**TASK TO COMPLETE**
Take every entry below and copy it out word for word.

**TASK DATA**
# # # #

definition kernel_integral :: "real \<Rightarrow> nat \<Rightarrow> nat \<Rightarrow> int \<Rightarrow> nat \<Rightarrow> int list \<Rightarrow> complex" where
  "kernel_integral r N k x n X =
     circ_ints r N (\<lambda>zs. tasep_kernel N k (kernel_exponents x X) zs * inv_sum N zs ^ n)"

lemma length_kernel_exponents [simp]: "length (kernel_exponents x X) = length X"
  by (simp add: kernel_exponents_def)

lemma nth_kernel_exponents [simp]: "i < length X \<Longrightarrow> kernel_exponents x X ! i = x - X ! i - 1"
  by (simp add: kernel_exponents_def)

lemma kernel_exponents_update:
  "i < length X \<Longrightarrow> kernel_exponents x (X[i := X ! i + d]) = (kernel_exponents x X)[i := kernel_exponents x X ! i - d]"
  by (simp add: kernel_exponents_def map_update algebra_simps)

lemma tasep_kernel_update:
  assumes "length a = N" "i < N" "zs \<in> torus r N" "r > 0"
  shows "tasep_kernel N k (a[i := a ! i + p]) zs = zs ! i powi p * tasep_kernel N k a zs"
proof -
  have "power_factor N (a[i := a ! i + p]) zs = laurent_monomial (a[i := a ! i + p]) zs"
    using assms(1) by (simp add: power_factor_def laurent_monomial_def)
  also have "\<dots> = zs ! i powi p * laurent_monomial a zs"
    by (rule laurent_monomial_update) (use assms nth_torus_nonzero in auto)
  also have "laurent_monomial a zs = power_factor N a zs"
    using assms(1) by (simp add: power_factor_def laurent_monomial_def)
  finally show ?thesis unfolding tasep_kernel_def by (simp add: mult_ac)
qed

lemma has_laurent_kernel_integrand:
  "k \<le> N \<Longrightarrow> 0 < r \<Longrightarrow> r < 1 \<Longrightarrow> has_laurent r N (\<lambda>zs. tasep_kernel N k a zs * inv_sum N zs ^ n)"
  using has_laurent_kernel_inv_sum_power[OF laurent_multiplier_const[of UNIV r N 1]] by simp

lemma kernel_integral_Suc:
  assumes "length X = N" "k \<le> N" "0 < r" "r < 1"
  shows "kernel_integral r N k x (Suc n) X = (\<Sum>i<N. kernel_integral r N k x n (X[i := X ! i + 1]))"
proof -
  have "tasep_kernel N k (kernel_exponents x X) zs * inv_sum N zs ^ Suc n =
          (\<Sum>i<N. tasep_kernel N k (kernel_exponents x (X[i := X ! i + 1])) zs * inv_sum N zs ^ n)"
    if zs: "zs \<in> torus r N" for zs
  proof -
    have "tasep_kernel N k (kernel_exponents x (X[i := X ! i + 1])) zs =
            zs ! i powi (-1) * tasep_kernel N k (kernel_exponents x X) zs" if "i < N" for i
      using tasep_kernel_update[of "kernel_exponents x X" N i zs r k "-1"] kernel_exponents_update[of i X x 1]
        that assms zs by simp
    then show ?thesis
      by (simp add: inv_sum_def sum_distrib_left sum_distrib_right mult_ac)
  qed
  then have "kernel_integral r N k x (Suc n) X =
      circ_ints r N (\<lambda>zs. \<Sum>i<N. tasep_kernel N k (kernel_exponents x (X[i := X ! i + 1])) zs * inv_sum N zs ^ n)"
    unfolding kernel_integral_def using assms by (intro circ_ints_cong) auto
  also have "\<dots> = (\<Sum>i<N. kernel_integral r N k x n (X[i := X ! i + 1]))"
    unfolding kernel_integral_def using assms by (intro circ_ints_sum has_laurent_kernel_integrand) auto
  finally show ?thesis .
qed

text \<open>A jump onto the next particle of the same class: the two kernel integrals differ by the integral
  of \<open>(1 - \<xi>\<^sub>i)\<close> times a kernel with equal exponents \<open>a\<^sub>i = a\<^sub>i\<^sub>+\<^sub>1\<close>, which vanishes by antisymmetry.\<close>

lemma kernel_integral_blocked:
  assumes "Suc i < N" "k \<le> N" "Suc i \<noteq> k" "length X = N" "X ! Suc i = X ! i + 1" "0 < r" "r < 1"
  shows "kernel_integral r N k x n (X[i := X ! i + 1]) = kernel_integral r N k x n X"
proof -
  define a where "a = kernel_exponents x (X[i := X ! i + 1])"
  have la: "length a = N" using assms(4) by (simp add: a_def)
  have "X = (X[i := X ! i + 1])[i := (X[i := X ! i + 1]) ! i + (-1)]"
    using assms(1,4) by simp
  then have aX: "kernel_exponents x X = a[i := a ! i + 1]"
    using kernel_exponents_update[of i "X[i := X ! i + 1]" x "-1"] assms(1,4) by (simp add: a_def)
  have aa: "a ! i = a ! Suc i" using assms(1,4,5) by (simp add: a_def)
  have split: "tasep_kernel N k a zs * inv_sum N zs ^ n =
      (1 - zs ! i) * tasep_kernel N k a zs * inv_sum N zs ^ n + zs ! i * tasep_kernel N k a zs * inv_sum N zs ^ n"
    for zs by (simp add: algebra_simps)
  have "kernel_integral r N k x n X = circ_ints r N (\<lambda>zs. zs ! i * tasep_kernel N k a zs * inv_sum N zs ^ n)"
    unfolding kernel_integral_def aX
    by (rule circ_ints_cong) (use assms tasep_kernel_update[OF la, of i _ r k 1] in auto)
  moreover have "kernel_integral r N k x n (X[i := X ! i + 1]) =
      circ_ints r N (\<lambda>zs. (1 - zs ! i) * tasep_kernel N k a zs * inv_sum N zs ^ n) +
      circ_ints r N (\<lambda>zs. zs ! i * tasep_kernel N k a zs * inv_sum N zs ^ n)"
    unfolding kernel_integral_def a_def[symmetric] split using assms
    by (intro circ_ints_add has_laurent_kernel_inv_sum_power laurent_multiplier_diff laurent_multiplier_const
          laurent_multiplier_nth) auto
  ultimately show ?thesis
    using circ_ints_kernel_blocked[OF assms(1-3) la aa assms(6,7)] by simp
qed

# # # #

**REPLY**
definition kernel_integral :: "real \<Rightarrow> nat \<Rightarrow> nat \<Rightarrow> int \<Rightarrow> nat \<Rightarrow> int list \<Rightarrow> complex" where
  "kernel_integral r N k x n X =
     circ_ints r N (\<lambda>zs. tasep_kernel N k (kernel_exponents x X) zs * inv_sum N zs ^ n)"

lemma length_kernel_exponents [simp]: "length (kernel_exponents x X) = length X"
  by (simp add: kernel_exponents_def)

lemma nth_kernel_exponents [simp]: "i < length X \<Longrightarrow> kernel_exponents x X ! i = x - X ! i - 1"
  by (simp add: kernel_exponents_def)

lemma kernel_exponents_update:
  "i < length X \<Longrightarrow> kernel_exponents x (X[i := X ! i + d]) = (kernel_exponents x X)[i := kernel_exponents x X ! i - d]"
  by (simp add: kernel_exponents_def map_update algebra_simps)

lemma tasep_kernel_update:
  assumes "length a = N" "i < N" "zs \<in> torus r N" "r > 0"
  shows "tasep_kernel N k (a[i := a ! i + p]) zs = zs ! i powi p * tasep_kernel N k a zs"
proof -
  have "power_factor N (a[i := a ! i + p]) zs = laurent_monomial (a[i := a ! i + p]) zs"
    using assms(1) by (simp add: power_factor_def laurent_monomial_def)
  also have "\<dots> = zs ! i powi p * laurent_monomial a zs"
    by (rule laurent_monomial_update) (use assms nth_torus_nonzero in auto)
  also have "laurent_monomial a zs = power_factor N a zs"
    using assms(1) by (simp add: power_factor_def laurent_monomial_def)
  finally show ?thesis unfolding tasep_kernel_def by (simp add: mult_ac)
qed

lemma has_laurent_kernel_integrand:
  "k \<le> N \<Longrightarrow> 0 < r \<Longrightarrow> r < 1 \<Longrightarrow> has_laurent r N (\<lambda>zs. tasep_kernel N k a zs * inv_sum N zs ^ n)"
  using has_laurent_kernel_inv_sum_power[OF laurent_multiplier_const[of UNIV r N 1]] by simp

lemma kernel_integral_Suc:
  assumes "length X = N" "k \<le> N" "0 < r" "r < 1"
  shows "kernel_integral r N k x (Suc n) X = (\<Sum>i<N. kernel_integral r N k x n (X[i := X ! i + 1]))"
proof -
  have "tasep_kernel N k (kernel_exponents x X) zs * inv_sum N zs ^ Suc n =
          (\<Sum>i<N. tasep_kernel N k (kernel_exponents x (X[i := X ! i + 1])) zs * inv_sum N zs ^ n)"
    if zs: "zs \<in> torus r N" for zs
  proof -
    have "tasep_kernel N k (kernel_exponents x (X[i := X ! i + 1])) zs =
            zs ! i powi (-1) * tasep_kernel N k (kernel_exponents x X) zs" if "i < N" for i
      using tasep_kernel_update[of "kernel_exponents x X" N i zs r k "-1"] kernel_exponents_update[of i X x 1]
        that assms zs by simp
    then show ?thesis
      by (simp add: inv_sum_def sum_distrib_left sum_distrib_right mult_ac)
  qed
  then have "kernel_integral r N k x (Suc n) X =
      circ_ints r N (\<lambda>zs. \<Sum>i<N. tasep_kernel N k (kernel_exponents x (X[i := X ! i + 1])) zs * inv_sum N zs ^ n)"
    unfolding kernel_integral_def using assms by (intro circ_ints_cong) auto
  also have "\<dots> = (\<Sum>i<N. kernel_integral r N k x n (X[i := X ! i + 1]))"
    unfolding kernel_integral_def using assms by (intro circ_ints_sum has_laurent_kernel_integrand) auto
  finally show ?thesis .
qed

text \<open>A jump onto the next particle of the same class: the two kernel integrals differ by the integral
  of \<open>(1 - \<xi>\<^sub>i)\<close> times a kernel with equal exponents \<open>a\<^sub>i = a\<^sub>i\<^sub>+\<^sub>1\<close>, which vanishes by antisymmetry.\<close>

lemma kernel_integral_blocked:
  assumes "Suc i < N" "k \<le> N" "Suc i \<noteq> k" "length X = N" "X ! Suc i = X ! i + 1" "0 < r" "r < 1"
  shows "kernel_integral r N k x n (X[i := X ! i + 1]) = kernel_integral r N k x n X"
proof -
  define a where "a = kernel_exponents x (X[i := X ! i + 1])"
  have la: "length a = N" using assms(4) by (simp add: a_def)
  have "X = (X[i := X ! i + 1])[i := (X[i := X ! i + 1]) ! i + (-1)]"
    using assms(1,4) by simp
  then have aX: "kernel_exponents x X = a[i := a ! i + 1]"
    using kernel_exponents_update[of i "X[i := X ! i + 1]" x "-1"] assms(1,4) by (simp add: a_def)
  have aa: "a ! i = a ! Suc i" using assms(1,4,5) by (simp add: a_def)
  have split: "tasep_kernel N k a zs * inv_sum N zs ^ n =
      (1 - zs ! i) * tasep_kernel N k a zs * inv_sum N zs ^ n + zs ! i * tasep_kernel N k a zs * inv_sum N zs ^ n"
    for zs by (simp add: algebra_simps)
  have "kernel_integral r N k x n X = circ_ints r N (\<lambda>zs. zs ! i * tasep_kernel N k a zs * inv_sum N zs ^ n)"
    unfolding kernel_integral_def aX
    by (rule circ_ints_cong) (use assms tasep_kernel_update[OF la, of i _ r k 1] in auto)
  moreover have "kernel_integral r N k x n (X[i := X ! i + 1]) =
      circ_ints r N (\<lambda>zs. (1 - zs ! i) * tasep_kernel N k a zs * inv_sum N zs ^ n) +
      circ_ints r N (\<lambda>zs. zs ! i * tasep_kernel N k a zs * inv_sum N zs ^ n)"
    unfolding kernel_integral_def a_def[symmetric] split using assms
    by (intro circ_ints_add has_laurent_kernel_inv_sum_power laurent_multiplier_diff laurent_multiplier_const
          laurent_multiplier_nth) auto
  ultimately show ?thesis
    using circ_ints_kernel_blocked[OF assms(1-3) la aa assms(6,7)] by simp
qed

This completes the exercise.